** Dataset excerpts follows **

lemma laplacian_le_of_touching_lattice_inf:
  fixes u \<phi>0 \<phi> :: "'a::euclidean_space \<Rightarrow> real" and U :: "'a set" and c :: real
  defines "D \<equiv> min0_zero_ext U (\<lambda>x. (u x - \<phi>0 x) / c)"
  assumes U: "open U" "U \<subseteq> ball 0 R" and u: "visc_super U 0 u" and \<phi>0: "Ck_on 2 U \<phi>0"
    and L: "\<forall>x\<in>U. - laplacian \<phi>0 x \<le> L" and c: "c > 0" and eps: "\<epsilon> > 0"
    and bdd: "bdd_below (range D)" and neg: "lattice_inf \<epsilon> D x0 < 0"
    and r: "r > 0" and \<phi>: "Ck_on 2 (ball x0 r) \<phi>"
    and touch: "\<phi> x0 = lattice_inf \<epsilon> D x0" and below: "\<forall>y\<in>ball x0 r. \<phi> y \<le> lattice_inf \<epsilon> D y"
  shows "laplacian \<phi> x0 \<le> \<epsilon>\<^sup>2 * L / c"
proof -
  have "\<forall>x. R \<le> norm x \<longrightarrow> D x = 0"
    using U(2) by (auto simp: D_def min0_zero_ext_def)
  then obtain k where k: "k \<in> Basis_lattice" "D (\<epsilon> *\<^sub>R (x0 + k)) = lattice_inf \<epsilon> D x0"
    using lattice_inf_attained[OF eps _ bdd neg] by blast
  then have z0: "\<epsilon> *\<^sub>R (x0 + k) \<in> U" "D (\<epsilon> *\<^sub>R (x0 + k)) = (u (\<epsilon> *\<^sub>R (x0 + k)) - \<phi>0 (\<epsilon> *\<^sub>R (x0 + k))) / c"
    using neg by (auto simp: D_def min0_zero_ext_def split: if_splits)
  show ?thesis
  proof (rule laplacian_le_of_touching_rescaled[OF U(1) u \<phi>0 c eps z0(1) _ r \<phi>])
    show "- laplacian \<phi>0 (\<epsilon> *\<^sub>R (x0 + k)) \<le> L" using L z0(1) by blast
    show "c * \<phi> x0 = u (\<epsilon> *\<^sub>R (x0 + k)) - \<phi>0 (\<epsilon> *\<^sub>R (x0 + k))"
      using touch k(2) z0(2) c by (simp add: field_simps)
    show "\<forall>y\<in>ball x0 r. \<epsilon> *\<^sub>R (y + k) \<in> U \<longrightarrow> c * \<phi> y \<le> u (\<epsilon> *\<^sub>R (y + k)) - \<phi>0 (\<epsilon> *\<^sub>R (y + k))"
    proof (intro ballI impI)
      fix y assume "y \<in> ball x0 r" "\<epsilon> *\<^sub>R (y + k) \<in> U"
      then have "\<phi> y \<le> (u (\<epsilon> *\<^sub>R (y + k)) - \<phi>0 (\<epsilon> *\<^sub>R (y + k))) / c"
        using below lattice_inf_le[OF bdd k(1), of \<epsilon> y] by (fastforce simp: D_def min0_zero_ext_def)
      then show "c * \<phi> y \<le> u (\<epsilon> *\<^sub>R (y + k)) - \<phi>0 (\<epsilon> *\<^sub>R (y + k))"
        using c by (simp add: pos_le_divide_eq mult.commute)
    qed
  qed
qed

lemma least_cell_nonpos:
  assumes "least_cell \<mu> \<psi> X" and "0 \<le> \<mu>" and "\<forall>x. \<psi> x \<le> 0"
  shows "X x \<le> 0"
proof -
  have "cell_adm \<mu> \<psi> (\<lambda>_. 0)"
    using assms(2,3) visc_super_const by (auto simp: cell_adm_def Zn_periodic_def)
  then show ?thesis using assms(1) unfolding least_cell_def by auto
qed

lemma least_cell_bdd_below:
  "least_cell \<mu> \<psi> X \<Longrightarrow> bdd_below (range \<psi>) \<Longrightarrow> bdd_below (range X)"
  unfolding least_cell_def cell_adm_def bdd_below_def by (metis order_trans rangeE rangeI)

lemma least_cell_Inf_nonpos:
  assumes "least_cell \<mu> \<psi> X" and "0 \<le> \<mu>" and "bdd_below (range \<psi>)" and "\<forall>x. \<psi> x \<le> 0"
  shows "Inf (range X) \<le> 0"
  using cInf_lower[OF rangeI least_cell_bdd_below[OF assms(1,3)]] least_cell_nonpos[OF assms(1,2,4)]
  by (meson order_trans)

** End of Dataset excerpts **

Assignment: In the records, which lines use the word "assms"? Report them.

Task answer:
    using assms(2,3) visc_super_const by (auto simp: cell_adm_def Zn_periodic_def)
  then show ?thesis using assms(1) unfolding least_cell_def by auto
  using cInf_lower[OF rangeI least_cell_bdd_below[OF assms(1,3)]] least_cell_nonpos[OF assms(1,2,4)]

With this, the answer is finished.